CROSSROADS
How good was Amber Steen’s cross-country season?
Even the worst race for the Newport Harbor senior turned out better than last year’s.
Steen smashed her previous best time on every course she tried this season, from the hilly Mt. San Antonio College layout to the speedy track at Woodward Park in Fresno. She defended her Southern Section Division II title with room to spare, and finished 33 seconds faster than she did at the 1999 state finals, despite running in 45-degree weather.
“Every race I improved,” said Steen, The Times’ Orange County girls’ runner of the year, who plans to attend either UC Irvine or Arizona. “I think that was one of my biggest accomplishments.”
Steen’s impressive resume dates to her freshman track and field season, when she won the 1,600 meters at the Sea View League finals. Steen blew past favored teammate Alicia McFall in the final straightaway to win in 5 minutes 9 seconds.
Steen was the No. 2 runner behind McFall during her sophomore cross-country season, defeating her at the Stanford Invitational but otherwise staying in the shadow of her senior teammate.
Santa Margarita senior Lori Mann, who won the Sea View League cross-country title over McFall as a sophomore, wasn’t paying much attention to Steen back then.
“I didn’t even know who she was,” Mann said. “But then she got really, really good. She came out and beat me our junior year and I’ve been chasing after her ever since.”
Steen really emerged toward the end of her sophomore track season, when she won the 1,600 at the Southern Section Masters meet.
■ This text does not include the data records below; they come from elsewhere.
(* For every $\alpha\in[m,M]$, with $E_\alpha=\{x\in[s^{-1},1):\lambda(x)\le\alpha\}$, the function $x\mapsto \mathds{1}_{E_\alpha}(x)/x$ is Riemann integrable on $[s^{-1},1]$.
   Context: Fix integers $p\ge 3$ and $2\le s<p$, and a set $A\subset\{0,1,\dots,p-1\}$ with $\#A=s$. Let $h:\{0,1,\dots,s-1\}\to A$ be the unique strictly increasing bijection. For a positive integer $n$ with base-$s$ expansion $n=\sum_{i=0}^k\varepsilon_i s^i$ ($\varepsilon_i\in\{0,\dots,s-1\}$, $\varepsilon_k\ne 0$), put $a_n=\sum_{i=0}^k h(\varepsilon_i)p^i$, and put $a_0=h(0)$. Let $b_n=a_n/n^{\log_s p}$ for $n\ge1$, $m=\inf_{n\ge1}b_n$, $M=\sup_{n\ge1}b_n$. For real $x\ge0$ let $a(x)=a_{\lfloor x\rfloor}$, and for $x>0$ let $\lambda(x)=\lim_{k\to\infty}\frac{a(s^kx)}{(s^kx)^{\log_s p}}$ (this limit exists). $\mathds{1}_E$ denotes the indicator function of $E$ (extended by $0$ at $x=1$). *)

theory Defs
  imports "HOL-Analysis.Analysis"
begin

definition hmap :: "nat set \<Rightarrow> nat \<Rightarrow> nat" where
  "hmap A i = sorted_list_of_set A ! i"

text \<open>a_n: replace the base-s digits of n by their h-images and read in base p.
  For n \<ge> 1 the digit positions are exactly {i. s^i \<le> n} = {0..k}; a_0 = h(0).\<close>
definition aseq :: "nat \<Rightarrow> nat \<Rightarrow> nat set \<Rightarrow> nat \<Rightarrow> nat" where
  "aseq p s A n = (if n = 0 then hmap A 0
     else (\<Sum>i\<in>{i. s ^ i \<le> n}. hmap A ((n div s ^ i) mod s) * p ^ i))"

definition bseq :: "nat \<Rightarrow> nat \<Rightarrow> nat set \<Rightarrow> nat \<Rightarrow> real" where
  "bseq p s A n = real (aseq p s A n) / (real n) powr (log (real s) (real p))"

definition mInf :: "nat \<Rightarrow> nat \<Rightarrow> nat set \<Rightarrow> real" where
  "mInf p s A = (INF n\<in>{1..}. bseq p s A n)"

definition MSup :: "nat \<Rightarrow> nat \<Rightarrow> nat set \<Rightarrow> real" where
  "MSup p s A = (SUP n\<in>{1..}. bseq p s A n)"

definition areal :: "nat \<Rightarrow> nat \<Rightarrow> nat set \<Rightarrow> real \<Rightarrow> nat" where
  "areal p s A x = aseq p s A (nat \<lfloor>x\<rfloor>)"

definition lam :: "nat \<Rightarrow> nat \<Rightarrow> nat set \<Rightarrow> real \<Rightarrow> real" where
  "lam p s A x = lim (\<lambda>k. real (areal p s A (real s ^ k * x))
                        / (real s ^ k * x) powr (log (real s) (real p)))"

definition Eset :: "nat \<Rightarrow> nat \<Rightarrow> nat set \<Rightarrow> real \<Rightarrow> real set" where
  "Eset p s A \<alpha> = {x \<in> {1 / real s..<1}. lam p s A x \<le> \<alpha>}"

definition riemann_integrable :: "(real \<Rightarrow> real) \<Rightarrow> real \<Rightarrow> real \<Rightarrow> bool" where
  "riemann_integrable f a b \<longleftrightarrow>
     (\<exists>I. \<forall>\<epsilon>>0. \<exists>\<delta>>0. \<forall>(n::nat) (x::nat \<Rightarrow> real) (t::nat \<Rightarrow> real).
        (0 < n \<and> x 0 = a \<and> x n = b \<and>
         (\<forall>i<n. x i < x (Suc i) \<and> x (Suc i) - x i < \<delta> \<and> x i \<le> t i \<and> t i \<le> x (Suc i)))
        \<longrightarrow> \<bar>(\<Sum>i<n. f (t i) * (x (Suc i) - x i)) - I\<bar> < \<epsilon>)"

end

theory Submission
  imports Defs
begin

text \<open>
  Put \<open>\<gamma> = log\<^sub>s p\<close>.  For \<open>n = \<lfloor>s\<^sup>k x\<rfloor>\<close> and every \<open>N\<close> with \<open>N div s\<^sup>r = n\<close> the digit
  substitution satisfies \<open>p\<^sup>r a\<^sub>n \<le> a\<^sub>N < p\<^sup>r (a\<^sub>n + 1)\<close>; hence \<open>\<lambda>(x)\<close> lies in the interval
  \<open>[a\<^sub>n / (n+1)\<^sup>\<gamma>, (a\<^sub>n + 1) / n\<^sup>\<gamma>]\<close>, whose length is \<open>O(1/n)\<close>.  So the indicator of \<open>E\<^sub>\<alpha>\<close> is
  constant on every \<open>s\<close>-adic block \<open>[n/s\<^sup>k, (n+1)/s\<^sup>k)\<close> except on the bad blocks, whose
  interval contains \<open>\<alpha>\<close>.  Among the blocks whose indices share their leading \<open>j\<close> digits,
  \<open>a\<^sub>n\<close> varies by less than \<open>p\<^sup>r\<close> (with \<open>r = k - j\<close>) while \<open>\<alpha> n\<^sup>\<gamma>\<close> grows with slope of
  order \<open>\<alpha> (p/s)\<^sup>k\<close>, so the proportion of bad blocks is \<open>O((s/p)\<^sup>j/\<alpha> + s\<^sup>-\<^sup>r)\<close>.  The
  discontinuities of \<open>\<one>\<^bsub>E\<^sub>\<alpha>\<^esub>(x)/x\<close> are therefore covered by finitely many intervals of
  arbitrarily small total length, which gives Riemann integrability.
\<close>

lemma nat_floor_bounds:
  fixes y :: real assumes "0 \<le> y"
  shows "real (nat \<lfloor>y\<rfloor>) \<le> y" "y < real (nat \<lfloor>y\<rfloor>) + 1"
  using assms by (simp_all add: of_nat_nat)
theorem theorem3:
  fixes U :: "'g set" and m b n k :: nat and Sc :: "nat \<Rightarrow> 'g set set"
    and v :: "nat \<Rightarrow> 'g set \<Rightarrow> real" and \<mu> :: real and S :: "nat \<Rightarrow> 'g set"
  assumes "finite U" and "card U = m" and "b \<ge> 1" and "n \<ge> 1" and "k \<ge> 1"
    and "\<And>i. i < n \<Longrightarrow> finite (Sc i) \<and> card (Sc i) = k"
    and "\<And>i S'. i < n \<Longrightarrow> S' \<in> Sc i \<Longrightarrow> S' \<noteq> {} \<and> S' \<subseteq> U"
    and "\<And>i S'. i < n \<Longrightarrow> S' \<in> Sc i \<Longrightarrow> v i S' \<ge> 0"
    and "\<mu> > 0" and "\<mu> / 2 \<le> vmax n Sc v" and "vmax n Sc v < \<mu>"
    and "mpu_run n Sc v (\<mu> / (4 * b * m)) ((4 * b * m) powr (1 / b)) S"
  shows "feasible_alloc U b n S
    \<and> welfare n Sc v S \<ge> OPT U b n Sc v / (2 * (b * ((4 * b * m) powr (1 / b) - 1) + 1))
    \<and> 2 * (b * ((4 * b * m) powr (1 / b) - 1) + 1) \<le> 8 * b * m powr (1 / b)"
proof -
  define p0 where "p0 = \<mu> / (4 * b * m)"
  define r where "r = (4 * b * m) powr (1 / b)"
  have finite_Sc: "\<And>i. i < n \<Longrightarrow> finite (Sc i)" using assms(6) by blast
  obtain T where T: "T \<in> Sc 0" using assms(4,5) assms(6)[of 0] by fastforce
  then have "m \<ge> 1" using assms(1,2,4) assms(7)[of 0 T] by (auto simp: Suc_le_eq card_gt_0_iff)
  interpret mpu_outcome U n Sc v p0 r S
    using assms(1,7-9,12) finite_Sc update_factor_ge_1[OF assms(3) \<open>m \<ge> 1\<close>]
    unfolding p0_def r_def by unfold_locales auto
  have "feasible_alloc U b n S"
  proof (rule feasible_alloc_if_priced_out)
    fix i T assume "i < n" "T \<in> Sc i"
    then have "v i T \<le> vmax n Sc v" using finite_Sc by (intro vmax_ge)
    then show "v i T < p0 * r ^ b"
      using assms(11) initial_price_mul_update_factor_power[OF assms(3) \<open>m \<ge> 1\<close>]
      unfolding p0_def r_def by simp
  qed
  moreover obtain i0 T0 where "i0 < n" "T0 \<in> Sc i0" "v i0 T0 = vmax n Sc v"
    using vmax_attained[of n Sc 0 T v] finite_Sc T assms(4) by auto
  moreover have "2 * b * card U * p0 = \<mu> / 2"
    unfolding p0_def using assms(2,3) \<open>m \<ge> 1\<close> by simp
  ultimately show ?thesis
    using OPT_div_le_welfare[of i0 T0 b] assms(10) approximation_factor_le[OF assms(3)]
    unfolding r_def by simp
qed

end
section \<open>Binary symmetric channel\<close>

text \<open>\<open>bsc q c\<close> is the probability of output 1 of a binary symmetric channel with crossover
  probability \<open>q\<close> fed with a \<open>Bern(c)\<close> input; the mixture \<open>c B\<^sub>1 + (1 - c) B\<^sub>0\<close> of the
  informal statement is \<open>bsc (p (1/2)) c\<close>.\<close>
definition bsc :: "real \<Rightarrow> real \<Rightarrow> real" where
  "bsc q c = c * (1 - q) + (1 - c) * q"

lemma mixB_eq_bsc: "mixB p c = bsc (p (1/2)) c"
  by (simp add: mixB_def bsc_def)

lemma bsc_affine: "bsc q c = q + (1 - 2 * q) * c"
  by (simp add: bsc_def algebra_simps)

lemma bsc_bounds:
  assumes "0 < q" "q < 1/2" "0 \<le> c" "c \<le> 1"
  shows "0 < bsc q c" "bsc q c < 1"
proof -
  have "0 \<le> (1 - 2 * q) * c" "(1 - 2 * q) * c \<le> 1 - 2 * q"
    using assms by (simp_all add: mult_left_le)
  then show "0 < bsc q c" "bsc q c < 1"
    using assms unfolding bsc_affine by linarith+
qed

lemma bsc_mono:
  assumes "q \<le> 1/2" "c \<le> c'"
  shows "bsc q c \<le> bsc q c'"
  using assms unfolding bsc_affine by (simp add: mult_left_mono)

lemma bsc_eq_iff:
  assumes "q \<noteq> 1/2"
  shows "bsc q c = bsc q c' \<longleftrightarrow> c = c'"
  using assms unfolding bsc_affine by auto

lemma bsc_bsc: "bsc e (bsc q c) = bsc (bsc e q) c"
  by (simp add: bsc_affine algebra_simps)

lemma bsc_divide: "c \<noteq> 0 \<Longrightarrow> bsc q (v / c) = ((1 - q) * v + q * (c - v)) / c"
  by (simp add: bsc_def field_simps)

lemma KLb_bsc_nonneg:
  assumes "0 < q" "q < 1/2" "0 \<le> c" "c \<le> 1" "0 \<le> c'" "c' \<le> 1"
  shows "0 \<le> KLb (bsc q c) (bsc q c')"
  using assms by (intro KLb_nonneg bsc_bounds) auto

lemma KLb_bsc_pos:
  assumes "0 < q" "q < 1/2" "0 \<le> c" "c \<le> 1" "0 \<le> c'" "c' \<le> 1" "c \<noteq> c'"
  shows "0 < KLb (bsc q c) (bsc q c')"
  using assms by (intro KLb_pos bsc_bounds) (auto simp: bsc_eq_iff)

lemma KLb_bsc_le:
  assumes "0 \<le> e" "e \<le> 1" "0 < x" "x < 1" "0 < y" "y < 1"
  shows "KLb (bsc e x) (bsc e y) \<le> KLb x y"
proof -
  have "KLb (bsc e x) (bsc e y)
      = KLb ((1 - e) * x + (1 - (1 - e)) * (1 - x)) ((1 - e) * y + (1 - (1 - e)) * (1 - y))"
    by (simp add: bsc_def algebra_simps)
  also have "\<dots> \<le> (1 - e) * KLb x y + (1 - (1 - e)) * KLb (1 - x) (1 - y)"
    using assms by (intro KLb_convex) auto
  also have "\<dots> = KLb x y"
    by (simp add: KLb_complement algebra_simps)
  finally show ?thesis .
qed
(* Let $\lambda\ge0$ and let $\widehat{\boldsymbol\theta}_\lambda\in\mathcal P_{\mathbf a,R}$ be a minimum-norm solution of the $\lambda$-ERM problem. If the well-separation assumption (A3) holds with constants $K>0$, $r>1$, then for all $t>0$, \[\mathbb P\big(\operatorname{dist}(\widehat{\boldsymbol\theta}_\lambda,\operatorname{argmin}_{\mathcal P_{\mathbf a,R}}\mathcal R_{\ell,\lambda})\ge t\big)\le4\,\mathrm{Cov}_\infty\Big(\mathcal{NN},\frac{Kt^r}{24\,\mathrm{Lip}(\mathcal F_\sigma)}\Big)\exp\Big(\frac{-nK^2t^{2r}}{288}\Big).\]
   Context: Setting: $\mathcal X=[0,1]^d$, $\rho$ a probability distribution on $\mathcal X\times\{-1,1\}$, $(X,Y)\sim\rho$, $(x_i,y_i)_{i=1}^n$ i.i.d. from $\rho$ (the probability is over this sample). Networks: $\sigma(t)=\max\{0,t\}$; architecture $\mathbf a=(a_0,\dots,a_L)$, $a_0=d$, $a_L=1$, width $W=\max_la_l$, $P(\mathbf a)=\sum_l(a_la_{l-1}+a_l)$; parametrization $\boldsymbol\theta=((W_l,B_l))_{l=1}^L$, $W_l\in\mathbb R^{a_l\times a_{l-1}}$, $B_l\in\mathbb R^{a_l}$, viewed as a vector in $\mathbb R^{P(\mathbf a)}$ with norms $|\cdot|_\infty$, $|\cdot|_p$; $\mathcal P_{\mathbf a,R}$ is the set of parametrizations with entries in $[-R,R]$. Realization $f(x;\boldsymbol\theta)=\operatorname{clip}_1(T_L\circ\sigma\circ\cdots\circ\sigma\circ T_1(x))$, $T_l(z)=W_lz+B_l$, $\operatorname{clip}_1(t)=\max(-1,\min(1,t))$. Realization map $\mathcal F_\sigma:\boldsymbol\theta\mapsto f(\cdot;\boldsymbol\theta)|_{\mathcal X}$ on $\mathcal P_{\mathbf a,R}$ with image $\mathcal{NN}(\mathbf a,W,L,R)$, $\mathrm{Lip}(\mathcal F_\sigma)=\sup_{\boldsymbol\theta\ne\boldsymbol\theta'}\|\mathcal F_\sigma(\boldsymbol\theta)-\mathcal F_\sigma(\boldsymbol\theta')\|_{C(\mathcal X)}/|\boldsymbol\theta-\boldsymbol\theta'|_\infty$. $\mathrm{Cov}_\infty(\mathcal{NN},\varepsilon)$: smallest $N$ such that some $g_1,\dots,g_N\in L^\infty(\mathcal X)$ satisfy that every $f\in\mathcal{NN}(\mathbf a,W,L,R)$ has $\|f-g_j\|_{L^\infty}\le\varepsilon$ for some $j$. Fix $0<p<\infty$: $\widehat{\mathcal R}_{\ell,\lambda}(\boldsymbol\theta)=\frac1n\sum_i(f(x_i;\boldsymbol\theta)-y_i)^2+\frac\lambda2|\boldsymbol\theta|_p^p$, $\mathcal R_{\ell,\lambda}(\boldsymbol\theta)=\mathbb E[(f(X;\boldsymbol\theta)-Y)^2]+\frac\lambda2|\boldsymbol\theta|_p^p$. A minimum-norm solution of the $\lambda$-ERM problem is a minimizer of $|\boldsymbol\theta|_\infty$ among minimizers of $\widehat{\mathcal R}_{\ell,\lambda}$ over $\mathcal P_{\mathbf a,R}$. $\operatorname{dist}(\boldsymbol\theta,A)=\inf_{\boldsymbol\theta'\in A}|\boldsymbol\theta-\boldsymbol\theta'|_\infty$. Assumption (A3): there are $K>0$, $r>1$ such that for all $\lambda\ge0$, $t>0$ and every $\boldsymbol\theta_\lambda\in\operatorname{argmin}_{\mathcal P_{\mathbf a,R}}\mathcal R_{\ell,\lambda}$: $\inf_{\boldsymbol\theta\in\mathcal P_{\mathbf a,R}:\operatorname{dist}(\boldsymbol\theta,\operatorname{argmin}_{\mathcal P_{\mathbf a,R}}\mathcal R_{\ell,\lambda})\ge t}\mathcal R_{\ell,\lambda}(\boldsymbol\theta)-\mathcal R_{\ell,\lambda}(\boldsymbol\theta_\lambda)\ge Kt^r$. *)

theory Defs
  imports "HOL-Probability.Probability"
begin

definition cube :: "nat \<Rightarrow> (nat \<Rightarrow> real) set" where
  "cube d = PiE {..<d} (\<lambda>_. {0..1::real})"

definition cube_measure :: "nat \<Rightarrow> (nat \<Rightarrow> real) measure" where
  "cube_measure d = PiM {..<d} (\<lambda>_. restrict_space lborel {0..1::real})"

text \<open>Architecture a = [a_0,...,a_L] as a list; L = length a - 1.
  Number of parameters P(a) = sum_{l=1}^L (a_l a_{l-1} + a_l).\<close>
definition nparams :: "nat list \<Rightarrow> nat" where
  "nparams a = (\<Sum>l\<in>{1..<length a}. a!l * a!(l-1) + a!l)"

definition layer_off :: "nat list \<Rightarrow> nat \<Rightarrow> nat" where
  "layer_off a l = (\<Sum>k\<in>{1..<l}. a!k * a!(k-1) + a!k)"

text \<open>Parameter vector theta in R^{P(a)}: a function nat => real; entries at index >= P(a) are 0.
  W_l(i,j) = theta(off_l + i*a_{l-1} + j), B_l(i) = theta(off_l + a_l a_{l-1} + i).
  Affine map T_l.\<close>
definition affine_layer :: "nat list \<Rightarrow> (nat \<Rightarrow> real) \<Rightarrow> nat \<Rightarrow> (nat \<Rightarrow> real) \<Rightarrow> (nat \<Rightarrow> real)" where
  "affine_layer a \<theta> l z = (\<lambda>i. if i < a!l then
      (\<Sum>j<a!(l-1). \<theta> (layer_off a l + i * a!(l-1) + j) * z j)
        + \<theta> (layer_off a l + a!l * a!(l-1) + i)
    else 0)"

definition relu :: "real \<Rightarrow> real" where
  "relu t = max 0 t"

fun hidden :: "nat list \<Rightarrow> (nat \<Rightarrow> real) \<Rightarrow> nat \<Rightarrow> (nat \<Rightarrow> real) \<Rightarrow> (nat \<Rightarrow> real)" where
  "hidden a \<theta> 0 x = x"
| "hidden a \<theta> (Suc l) x = (\<lambda>i. relu (affine_layer a \<theta> (Suc l) (hidden a \<theta> l x) i))"

definition clip1 :: "real \<Rightarrow> real" where
  "clip1 t = max (-1) (min 1 t)"

definition realize :: "nat list \<Rightarrow> (nat \<Rightarrow> real) \<Rightarrow> (nat \<Rightarrow> real) \<Rightarrow> real" where
  "realize a \<theta> x = clip1 (affine_layer a \<theta> (length a - 1) (hidden a \<theta> (length a - 2) x) 0)"

definition params :: "nat list \<Rightarrow> real \<Rightarrow> (nat \<Rightarrow> real) set" where
  "params a R = {\<theta>. (\<forall>i<nparams a. \<bar>\<theta> i\<bar> \<le> R) \<and> (\<forall>i\<ge>nparams a. \<theta> i = 0)}"

definition norm_inf :: "nat list \<Rightarrow> (nat \<Rightarrow> real) \<Rightarrow> real" where
  "norm_inf a \<theta> = Max ((\<lambda>i. \<bar>\<theta> i\<bar>) ` {..<nparams a})"

definition norm_pp :: "nat list \<Rightarrow> real \<Rightarrow> (nat \<Rightarrow> real) \<Rightarrow> real" where
  "norm_pp a p \<theta> = (\<Sum>i<nparams a. \<bar>\<theta> i\<bar> powr p)"

definition emp_risk :: "nat list \<Rightarrow> real \<Rightarrow> real \<Rightarrow> nat \<Rightarrow> (nat \<Rightarrow> (nat \<Rightarrow> real) \<times> real) \<Rightarrow> (nat \<Rightarrow> real) \<Rightarrow> real" where
  "emp_risk a p lam n z \<theta> =
     (1 / real n) * (\<Sum>i<n. (realize a \<theta> (fst (z i)) - snd (z i))\<^sup>2) + lam / 2 * norm_pp a p \<theta>"

definition pop_risk :: "nat list \<Rightarrow> real \<Rightarrow> real \<Rightarrow> ((nat \<Rightarrow> real) \<times> real) measure \<Rightarrow> (nat \<Rightarrow> real) \<Rightarrow> real" where
  "pop_risk a p lam \<rho> \<theta> =
     (\<integral>w. (realize a \<theta> (fst w) - snd w)\<^sup>2 \<partial>\<rho>) + lam / 2 * norm_pp a p \<theta>"

definition argmin_on :: "'b set \<Rightarrow> ('b \<Rightarrow> real) \<Rightarrow> 'b set" where
  "argmin_on S F = {x\<in>S. \<forall>y\<in>S. F x \<le> F y}"

definition min_norm_sol :: "nat list \<Rightarrow> real \<Rightarrow> real \<Rightarrow> real \<Rightarrow> nat \<Rightarrow> (nat \<Rightarrow> (nat \<Rightarrow> real) \<times> real) \<Rightarrow> (nat \<Rightarrow> real) \<Rightarrow> bool" where
  "min_norm_sol a R p lam n z \<theta> \<longleftrightarrow>
     \<theta> \<in> argmin_on (argmin_on (params a R) (emp_risk a p lam n z)) (norm_inf a)"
She came back her junior cross-country season and defeated Mann by six seconds to win the sweepstakes race at the Orange County Championships, then beat Agoura’s Laura Jakosky to win the Division II section title. Mann, who was coming back from a quadriceps injury that kept her out of her sophomore track season, finished fifth.
“For her to come out and beat me my junior year,” Mann said, “was really frustrating.”
After another successful track season last spring, Steen showed she was geared up for her final cross-country season at the Laguna Hills Invitational in early September, winning the Division II junior/senior race by 47 seconds. Her time of 17:58 on the three-mile course was also 42 seconds faster than her time the previous season.
The next week at the Woodbridge Invitational, Steen was matched against Glendale Hoover’s Anita Siraki, who eventually won her second consecutive Division I state title. Steen finished second--56 seconds behind Siraki--in the fastest time among county competitors.
Steen’s season hit a speed bump at the Orange County Championships two months ago, when she finished second to Fountain Valley’s Julie Allen in the sweepstakes race at Irvine Park. But her time of 17:30 was still 14 seconds faster than what she ran while winning the race the previous year.
“That really didn’t fire me up to run better because it was like, ‘Hey, I had one bad race,’ ” Steen said. “I didn’t even consider it a setback because I [had set a personal best].”
But Steen did set out to prove she was, indeed, the best runner in the county this season.
The week after the county championships, she finished second in the team sweepstakes race at the Mt. San Antonio College Invitational, then hustled over to the finish line to see if her time would hold up against Allen, who was running in the individual sweepstakes race about 20 minutes later. When Steen saw that her time was four seconds faster than Allen’s, she claimed a moral victory.
“It was the same course at practically the same time,” Steen said at the time. “She beat me last week and I beat her this week.”
Steen then backed up her claim by posting the county’s fastest times while defending her Division II title and finishing fifth at state.
Steen also got one last chance to race against Allen at the Foot Locker Cross-Country West Regional at Mt. San Antonio College on Dec. 2, where she passed the 1999 Times’ runner of the year midway through the race and finished 10th overall.
“That was a great finish to the season,” Steen said. “I couldn’t have asked for anything more.”